1. Wirtschaftsparlament 2. Politikparlament 3. Kulturparlament 4. Grundwerteparlament
Das ganze Modell der Viergliederung versteht sich nicht sosehr als fixes und fertiges Gesellschaftsmodell denn vielmehr allererst als eine verfahrensmäßige, strukturelle Ermöglichung transparenter gesellschaftlicher Wertentscheidungen. Entgegen der herrschenden, schlicht-utopischen Auffassung von Demokratie als «herrschaftsfreiem Diskurs» besteht der öffentliche Meinungs- und Willensbildungsprozess nämlich – auf allen genannten Ebenen – nicht primär aus argumentativem Diskurs, sondern aus Kommunikation über Werte bzw. aus machtmäßigen Wertenscheidungen. Diese Wertentscheidungen müssen transparent gemacht und außerparlamentarisch wie parlamentarisch zum Austrag kommen.
Literatur
- Heinrichs, Johannes (2003). Revolution der Demokratie, Berlin, Maas Verlag
- Heinrichs, Johannes (2005). Logik des Sozialen. Woraus Gesellschaft entsteht, Aktualisierte Neuauflage von Reflexion als soziales System, 353 S.,Steno Verlag, Varna u.a.O.

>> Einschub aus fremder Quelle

(* Let $(X,\mathcal U)$ be a non-archimedean uniform space and $\mathcal B$ a base of $\mathcal U$ consisting of equivalence relations. Then: (1) realizing $A_{NA}(X,\mathcal U)$ on the free abelian group $A(X)$, and letting $\langle\varepsilon\rangle$ denote the subgroup of $A(X)$ generated by $\{x-y:(x,y)\in\varepsilon\}$, the family $\{\langle\varepsilon\rangle:\varepsilon\in\mathcal B\}$ is a base of neighborhoods of $0$ in $A_{NA}(X,\mathcal U)$; (2) realizing $B_{NA}(X,\mathcal U)$ on the free Boolean group $B(X)$, and letting $\langle\varepsilon\rangle$ denote the subgroup of $B(X)$ generated by $\{x-y:(x,y)\in\varepsilon\}$, the family $\{\langle\varepsilon\rangle:\varepsilon\in\mathcal B\}$ is a base of neighborhoods of $0$ in $B_{NA}(X,\mathcal U)$.
   Context: A uniform space is non-archimedean if its uniformity has a base of equivalence relations. A topological group is non-archimedean if it has a local base at the identity of open subgroups; Boolean if every non-identity element has order 2. $A_{NA}(X,\mathcal U)$ (resp. $B_{NA}(X,\mathcal U)$) is the abelian (resp. Boolean) non-archimedean Hausdorff group with uniformly continuous $i\colon X\to G$ through which every uniformly continuous map into such a group factors uniquely by a continuous homomorphism; it is algebraically $A(X)$ (resp. $B(X)$) with $i$ the inclusion of generators. *)

theory Defs
  imports "HOL-Analysis.Analysis" "HOL-Algebra.Free_Abelian_Groups" "HOL-Algebra.Generated_Groups"
begin

definition uniformity_on :: "'a set \<Rightarrow> ('a \<times> 'a) set set \<Rightarrow> bool" where
  "uniformity_on X U \<longleftrightarrow>
     U \<noteq> {} \<and>
     (\<forall>e\<in>U. Id_on X \<subseteq> e \<and> e \<subseteq> X \<times> X) \<and>
     (\<forall>e\<in>U. \<forall>f. e \<subseteq> f \<and> f \<subseteq> X \<times> X \<longrightarrow> f \<in> U) \<and>
     (\<forall>e\<in>U. \<forall>f\<in>U. e \<inter> f \<in> U) \<and>
     (\<forall>e\<in>U. e\<inverse> \<in> U) \<and>
     (\<forall>e\<in>U. \<exists>f\<in>U. f O f \<subseteq> e)"

definition uniformity_base :: "('a \<times> 'a) set set \<Rightarrow> ('a \<times> 'a) set set \<Rightarrow> bool" where
  "uniformity_base U B \<longleftrightarrow> B \<subseteq> U \<and> (\<forall>e\<in>U. \<exists>b\<in>B. b \<subseteq> e)"

definition non_archimedean_uniform_space :: "'a set \<Rightarrow> ('a \<times> 'a) set set \<Rightarrow> bool" where
  "non_archimedean_uniform_space X U \<longleftrightarrow>
     uniformity_on X U \<and> (\<exists>B. uniformity_base U B \<and> (\<forall>e\<in>B. equiv X e))"

definition topological_group :: "('g, 'm) monoid_scheme \<Rightarrow> 'g topology \<Rightarrow> bool" where
  "topological_group G T \<longleftrightarrow>
     group G \<and> topspace T = carrier G \<and>
     continuous_map (prod_topology T T) T (\<lambda>(x, y). x \<otimes>\<^bsub>G\<^esub> y) \<and>
     continuous_map T T (\<lambda>x. inv\<^bsub>G\<^esub> x)"

definition non_archimedean_group :: "('g, 'm) monoid_scheme \<Rightarrow> 'g topology \<Rightarrow> bool" where
  "non_archimedean_group G T \<longleftrightarrow>
     topological_group G T \<and>
     (\<forall>W. openin T W \<and> \<one>\<^bsub>G\<^esub> \<in> W \<longrightarrow> (\<exists>H. subgroup H G \<and> openin T H \<and> H \<subseteq> W))"

definition boolean_group :: "('g, 'm) monoid_scheme \<Rightarrow> bool" where
  "boolean_group G \<longleftrightarrow> group G \<and> (\<forall>x\<in>carrier G. x \<otimes>\<^bsub>G\<^esub> x = \<one>\<^bsub>G\<^esub>)"

definition nbhd_base_at_one :: "('g, 'm) monoid_scheme \<Rightarrow> 'g topology \<Rightarrow> 'g set set \<Rightarrow> bool" where
  "nbhd_base_at_one G T F \<longleftrightarrow>
     (\<forall>V\<in>F. V \<subseteq> topspace T \<and> (\<exists>W. openin T W \<and> \<one>\<^bsub>G\<^esub> \<in> W \<and> W \<subseteq> V)) \<and>
     (\<forall>W. openin T W \<and> \<one>\<^bsub>G\<^esub> \<in> W \<longrightarrow> (\<exists>V\<in>F. V \<subseteq> W))"

text \<open>Uniform continuity of a map from a uniform space into an abelian topological group
  (for abelian groups the left and right group uniformities coincide).\<close>
definition unif_cont_into_group ::
  "'a set \<Rightarrow> ('a \<times> 'a) set set \<Rightarrow> ('g, 'm) monoid_scheme \<Rightarrow> 'g topology \<Rightarrow> ('a \<Rightarrow> 'g) \<Rightarrow> bool" where
  "unif_cont_into_group X U G T f \<longleftrightarrow>
     f ` X \<subseteq> carrier G \<and>
     (\<forall>W. openin T W \<and> \<one>\<^bsub>G\<^esub> \<in> W \<longrightarrow>
        (\<exists>e\<in>U. \<forall>(x, y)\<in>e. f x \<otimes>\<^bsub>G\<^esub> inv\<^bsub>G\<^esub> (f y) \<in> W))"

definition cont_hom ::
  "('g, 'm) monoid_scheme \<Rightarrow> 'g topology \<Rightarrow> ('h, 'n) monoid_scheme \<Rightarrow> 'h topology \<Rightarrow> ('g \<Rightarrow> 'h) \<Rightarrow> bool" where
  "cont_hom G T H S h \<longleftrightarrow> h \<in> hom G H \<and> continuous_map T S h"

text \<open>B(X): finite subsets of X under symmetric difference; the generator x is {x}.\<close>
definition free_Boolean_group :: "'a set \<Rightarrow> 'a set monoid" where
  "free_Boolean_group X =
     \<lparr>carrier = {A. finite A \<and> A \<subseteq> X}, monoid.mult = (\<lambda>A B. (A - B) \<union> (B - A)), one = {}\<rparr>"

text \<open>T is a topology on A(X) realizing A_NA(X,U). The universal property is quantified
  over target groups whose carrier type is the carrier type of A(X).\<close>
definition is_A_NA :: "'a set \<Rightarrow> ('a \<times> 'a) set set \<Rightarrow> ('a \<Rightarrow>\<^sub>0 int) topology \<Rightarrow> bool" where
  "is_A_NA X U T \<longleftrightarrow>
     comm_group (free_Abelian_group X) \<and>
     non_archimedean_group (free_Abelian_group X) T \<and> Hausdorff_space T \<and>
     unif_cont_into_group X U (free_Abelian_group X) T frag_of \<and>
     (\<forall>(H :: ('a \<Rightarrow>\<^sub>0 int) monoid) S f.
        comm_group H \<and> non_archimedean_group H S \<and> Hausdorff_space S \<and>
        unif_cont_into_group X U H S f \<longrightarrow>
          (\<exists>h. cont_hom (free_Abelian_group X) T H S h \<and> (\<forall>x\<in>X. h (frag_of x) = f x)) \<and>
          (\<forall>h1 h2. cont_hom (free_Abelian_group X) T H S h1 \<and> (\<forall>x\<in>X. h1 (frag_of x) = f x) \<and>
                   cont_hom (free_Abelian_group X) T H S h2 \<and> (\<forall>x\<in>X. h2 (frag_of x) = f x) \<longrightarrow>
                   (\<forall>g\<in>carrier (free_Abelian_group X). h1 g = h2 g)))"

definition is_B_NA :: "'a set \<Rightarrow> ('a \<times> 'a) set set \<Rightarrow> 'a set topology \<Rightarrow> bool" where
  "is_B_NA X U T \<longleftrightarrow>
     boolean_group (free_Boolean_group X) \<and>
     non_archimedean_group (free_Boolean_group X) T \<and> Hausdorff_space T \<and>
     unif_cont_into_group X U (free_Boolean_group X) T (\<lambda>x. {x}) \<and>
     (\<forall>(H :: 'a set monoid) S f.
        boolean_group H \<and> non_archimedean_group H S \<and> Hausdorff_space S \<and>
        unif_cont_into_group X U H S f \<longrightarrow>
          (\<exists>h. cont_hom (free_Boolean_group X) T H S h \<and> (\<forall>x\<in>X. h {x} = f x)) \<and>
          (\<forall>h1 h2. cont_hom (free_Boolean_group X) T H S h1 \<and> (\<forall>x\<in>X. h1 {x} = f x) \<and>
                   cont_hom (free_Boolean_group X) T H S h2 \<and> (\<forall>x\<in>X. h2 {x} = f x) \<longrightarrow>
                   (\<forall>g\<in>carrier (free_Boolean_group X). h1 g = h2 g)))"

end

theory Submission
  imports Defs
begin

- Luhmann, Niklas (1971). Moderne Systemtheorien als Form gesamtgesellschaftlicher Analyse, in: J. Habermas/N. Luhmann, Theorie der Gesellschaft oder Sozialtechnologie - Was leistet die Systemforschung?, Frankfurt/M. 1971, 7-24.
- Steiner, Rudolf (1972). Zur Dreigliederung des sozialen Organismus, Gesammelte Aufsätze 1919-1921, Stuttgart.